*** Records for the exercise ***

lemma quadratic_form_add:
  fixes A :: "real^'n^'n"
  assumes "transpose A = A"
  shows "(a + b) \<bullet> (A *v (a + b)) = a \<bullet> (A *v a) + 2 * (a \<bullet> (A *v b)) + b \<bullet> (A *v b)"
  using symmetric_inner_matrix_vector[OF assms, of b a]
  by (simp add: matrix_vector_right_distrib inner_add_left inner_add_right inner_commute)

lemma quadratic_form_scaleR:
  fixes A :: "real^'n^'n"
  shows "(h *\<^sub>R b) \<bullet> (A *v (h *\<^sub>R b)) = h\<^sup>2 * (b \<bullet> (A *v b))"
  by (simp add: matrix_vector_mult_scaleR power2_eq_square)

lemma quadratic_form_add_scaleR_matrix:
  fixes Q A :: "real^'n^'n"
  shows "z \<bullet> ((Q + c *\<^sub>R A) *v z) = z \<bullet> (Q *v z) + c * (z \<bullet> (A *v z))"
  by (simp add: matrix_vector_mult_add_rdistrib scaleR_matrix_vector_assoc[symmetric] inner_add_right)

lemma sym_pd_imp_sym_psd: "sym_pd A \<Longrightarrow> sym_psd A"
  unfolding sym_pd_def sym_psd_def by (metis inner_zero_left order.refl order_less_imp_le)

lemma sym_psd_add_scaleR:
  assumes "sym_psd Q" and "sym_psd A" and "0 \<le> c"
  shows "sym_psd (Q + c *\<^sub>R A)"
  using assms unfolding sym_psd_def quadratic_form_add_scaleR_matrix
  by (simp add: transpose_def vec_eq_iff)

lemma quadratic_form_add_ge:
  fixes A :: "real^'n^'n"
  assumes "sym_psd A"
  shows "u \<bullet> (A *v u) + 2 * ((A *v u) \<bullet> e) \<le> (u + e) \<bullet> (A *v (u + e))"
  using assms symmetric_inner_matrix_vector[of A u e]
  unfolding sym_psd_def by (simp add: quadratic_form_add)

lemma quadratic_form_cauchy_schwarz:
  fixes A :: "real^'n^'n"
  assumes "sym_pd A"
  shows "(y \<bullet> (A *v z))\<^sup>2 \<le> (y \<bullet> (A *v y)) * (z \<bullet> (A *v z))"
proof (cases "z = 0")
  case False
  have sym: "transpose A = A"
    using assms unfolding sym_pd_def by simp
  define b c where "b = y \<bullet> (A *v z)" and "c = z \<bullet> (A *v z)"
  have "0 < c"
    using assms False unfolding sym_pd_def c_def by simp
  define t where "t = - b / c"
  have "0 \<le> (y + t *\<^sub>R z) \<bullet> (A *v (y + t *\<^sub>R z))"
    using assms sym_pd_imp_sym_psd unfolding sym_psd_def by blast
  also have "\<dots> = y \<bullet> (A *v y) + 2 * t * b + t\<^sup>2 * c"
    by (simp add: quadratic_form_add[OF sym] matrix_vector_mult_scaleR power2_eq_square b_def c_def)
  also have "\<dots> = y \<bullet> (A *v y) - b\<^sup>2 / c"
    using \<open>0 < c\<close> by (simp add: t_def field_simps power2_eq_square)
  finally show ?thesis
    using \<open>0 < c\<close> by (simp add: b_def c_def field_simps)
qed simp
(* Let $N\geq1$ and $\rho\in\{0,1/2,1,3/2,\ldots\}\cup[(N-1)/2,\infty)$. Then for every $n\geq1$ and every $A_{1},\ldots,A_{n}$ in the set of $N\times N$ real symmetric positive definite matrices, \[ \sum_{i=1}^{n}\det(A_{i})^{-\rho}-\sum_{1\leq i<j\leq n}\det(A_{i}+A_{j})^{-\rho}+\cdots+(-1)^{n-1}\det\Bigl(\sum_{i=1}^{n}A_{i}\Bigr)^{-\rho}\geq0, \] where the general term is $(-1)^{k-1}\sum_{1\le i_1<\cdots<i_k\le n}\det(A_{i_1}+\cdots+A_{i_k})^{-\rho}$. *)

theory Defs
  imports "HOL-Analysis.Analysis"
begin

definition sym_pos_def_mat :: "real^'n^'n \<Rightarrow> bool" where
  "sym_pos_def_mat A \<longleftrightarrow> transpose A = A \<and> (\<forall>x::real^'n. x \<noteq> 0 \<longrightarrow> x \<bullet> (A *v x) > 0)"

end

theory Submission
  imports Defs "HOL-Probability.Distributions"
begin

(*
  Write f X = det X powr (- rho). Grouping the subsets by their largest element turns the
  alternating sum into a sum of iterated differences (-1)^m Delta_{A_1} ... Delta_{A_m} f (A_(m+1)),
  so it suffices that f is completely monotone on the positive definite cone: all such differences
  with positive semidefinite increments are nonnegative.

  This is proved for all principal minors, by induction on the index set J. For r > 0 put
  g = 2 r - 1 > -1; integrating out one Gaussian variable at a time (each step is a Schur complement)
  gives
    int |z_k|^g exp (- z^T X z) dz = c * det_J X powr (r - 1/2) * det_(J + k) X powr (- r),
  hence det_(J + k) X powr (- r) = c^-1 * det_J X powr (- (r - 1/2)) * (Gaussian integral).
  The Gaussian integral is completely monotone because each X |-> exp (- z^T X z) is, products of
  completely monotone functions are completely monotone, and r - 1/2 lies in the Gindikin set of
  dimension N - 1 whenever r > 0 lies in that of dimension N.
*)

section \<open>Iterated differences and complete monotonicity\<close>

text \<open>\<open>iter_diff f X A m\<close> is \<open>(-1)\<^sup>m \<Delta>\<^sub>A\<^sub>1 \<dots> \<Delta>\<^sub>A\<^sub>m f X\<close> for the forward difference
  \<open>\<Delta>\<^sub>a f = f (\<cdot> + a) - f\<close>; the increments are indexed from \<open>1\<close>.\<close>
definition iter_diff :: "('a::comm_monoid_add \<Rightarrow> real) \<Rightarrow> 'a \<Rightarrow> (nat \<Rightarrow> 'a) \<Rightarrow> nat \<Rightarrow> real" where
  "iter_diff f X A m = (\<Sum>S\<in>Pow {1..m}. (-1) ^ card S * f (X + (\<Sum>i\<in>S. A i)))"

*** End of Records for the exercise ***

Repeat each entry word for word.

lemma quadratic_form_add:
  fixes A :: "real^'n^'n"
  assumes "transpose A = A"
  shows "(a + b) \<bullet> (A *v (a + b)) = a \<bullet> (A *v a) + 2 * (a \<bullet> (A *v b)) + b \<bullet> (A *v b)"
  using symmetric_inner_matrix_vector[OF assms, of b a]
  by (simp add: matrix_vector_right_distrib inner_add_left inner_add_right inner_commute)

lemma quadratic_form_scaleR:
  fixes A :: "real^'n^'n"
  shows "(h *\<^sub>R b) \<bullet> (A *v (h *\<^sub>R b)) = h\<^sup>2 * (b \<bullet> (A *v b))"
  by (simp add: matrix_vector_mult_scaleR power2_eq_square)

lemma quadratic_form_add_scaleR_matrix:
  fixes Q A :: "real^'n^'n"
  shows "z \<bullet> ((Q + c *\<^sub>R A) *v z) = z \<bullet> (Q *v z) + c * (z \<bullet> (A *v z))"
  by (simp add: matrix_vector_mult_add_rdistrib scaleR_matrix_vector_assoc[symmetric] inner_add_right)

lemma sym_pd_imp_sym_psd: "sym_pd A \<Longrightarrow> sym_psd A"
  unfolding sym_pd_def sym_psd_def by (metis inner_zero_left order.refl order_less_imp_le)

lemma sym_psd_add_scaleR:
  assumes "sym_psd Q" and "sym_psd A" and "0 \<le> c"
  shows "sym_psd (Q + c *\<^sub>R A)"
  using assms unfolding sym_psd_def quadratic_form_add_scaleR_matrix
  by (simp add: transpose_def vec_eq_iff)

lemma quadratic_form_add_ge:
  fixes A :: "real^'n^'n"
  assumes "sym_psd A"
  shows "u \<bullet> (A *v u) + 2 * ((A *v u) \<bullet> e) \<le> (u + e) \<bullet> (A *v (u + e))"
  using assms symmetric_inner_matrix_vector[of A u e]
  unfolding sym_psd_def by (simp add: quadratic_form_add)

lemma quadratic_form_cauchy_schwarz:
  fixes A :: "real^'n^'n"
  assumes "sym_pd A"
  shows "(y \<bullet> (A *v z))\<^sup>2 \<le> (y \<bullet> (A *v y)) * (z \<bullet> (A *v z))"
proof (cases "z = 0")
  case False
  have sym: "transpose A = A"
    using assms unfolding sym_pd_def by simp
  define b c where "b = y \<bullet> (A *v z)" and "c = z \<bullet> (A *v z)"
  have "0 < c"
    using assms False unfolding sym_pd_def c_def by simp
  define t where "t = - b / c"
  have "0 \<le> (y + t *\<^sub>R z) \<bullet> (A *v (y + t *\<^sub>R z))"
    using assms sym_pd_imp_sym_psd unfolding sym_psd_def by blast
  also have "\<dots> = y \<bullet> (A *v y) + 2 * t * b + t\<^sup>2 * c"
    by (simp add: quadratic_form_add[OF sym] matrix_vector_mult_scaleR power2_eq_square b_def c_def)
  also have "\<dots> = y \<bullet> (A *v y) - b\<^sup>2 / c"
    using \<open>0 < c\<close> by (simp add: t_def field_simps power2_eq_square)
  finally show ?thesis
    using \<open>0 < c\<close> by (simp add: b_def c_def field_simps)
qed simp
(* Let $N\geq1$ and $\rho\in\{0,1/2,1,3/2,\ldots\}\cup[(N-1)/2,\infty)$. Then for every $n\geq1$ and every $A_{1},\ldots,A_{n}$ in the set of $N\times N$ real symmetric positive definite matrices, \[ \sum_{i=1}^{n}\det(A_{i})^{-\rho}-\sum_{1\leq i<j\leq n}\det(A_{i}+A_{j})^{-\rho}+\cdots+(-1)^{n-1}\det\Bigl(\sum_{i=1}^{n}A_{i}\Bigr)^{-\rho}\geq0, \] where the general term is $(-1)^{k-1}\sum_{1\le i_1<\cdots<i_k\le n}\det(A_{i_1}+\cdots+A_{i_k})^{-\rho}$. *)

theory Defs
  imports "HOL-Analysis.Analysis"
begin

definition sym_pos_def_mat :: "real^'n^'n \<Rightarrow> bool" where
  "sym_pos_def_mat A \<longleftrightarrow> transpose A = A \<and> (\<forall>x::real^'n. x \<noteq> 0 \<longrightarrow> x \<bullet> (A *v x) > 0)"

end

theory Submission
  imports Defs "HOL-Probability.Distributions"
begin

(*
  Write f X = det X powr (- rho). Grouping the subsets by their largest element turns the
  alternating sum into a sum of iterated differences (-1)^m Delta_{A_1} ... Delta_{A_m} f (A_(m+1)),
  so it suffices that f is completely monotone on the positive definite cone: all such differences
  with positive semidefinite increments are nonnegative.

  This is proved for all principal minors, by induction on the index set J. For r > 0 put
  g = 2 r - 1 > -1; integrating out one Gaussian variable at a time (each step is a Schur complement)
  gives
    int |z_k|^g exp (- z^T X z) dz = c * det_J X powr (r - 1/2) * det_(J + k) X powr (- r),
  hence det_(J + k) X powr (- r) = c^-1 * det_J X powr (- (r - 1/2)) * (Gaussian integral).
  The Gaussian integral is completely monotone because each X |-> exp (- z^T X z) is, products of
  completely monotone functions are completely monotone, and r - 1/2 lies in the Gindikin set of
  dimension N - 1 whenever r > 0 lies in that of dimension N.
*)

section \<open>Iterated differences and complete monotonicity\<close>

text \<open>\<open>iter_diff f X A m\<close> is \<open>(-1)\<^sup>m \<Delta>\<^sub>A\<^sub>1 \<dots> \<Delta>\<^sub>A\<^sub>m f X\<close> for the forward difference
  \<open>\<Delta>\<^sub>a f = f (\<cdot> + a) - f\<close>; the increments are indexed from \<open>1\<close>.\<close>
definition iter_diff :: "('a::comm_monoid_add \<Rightarrow> real) \<Rightarrow> 'a \<Rightarrow> (nat \<Rightarrow> 'a) \<Rightarrow> nat \<Rightarrow> real" where
  "iter_diff f X A m = (\<Sum>S\<in>Pow {1..m}. (-1) ^ card S * f (X + (\<Sum>i\<in>S. A i)))"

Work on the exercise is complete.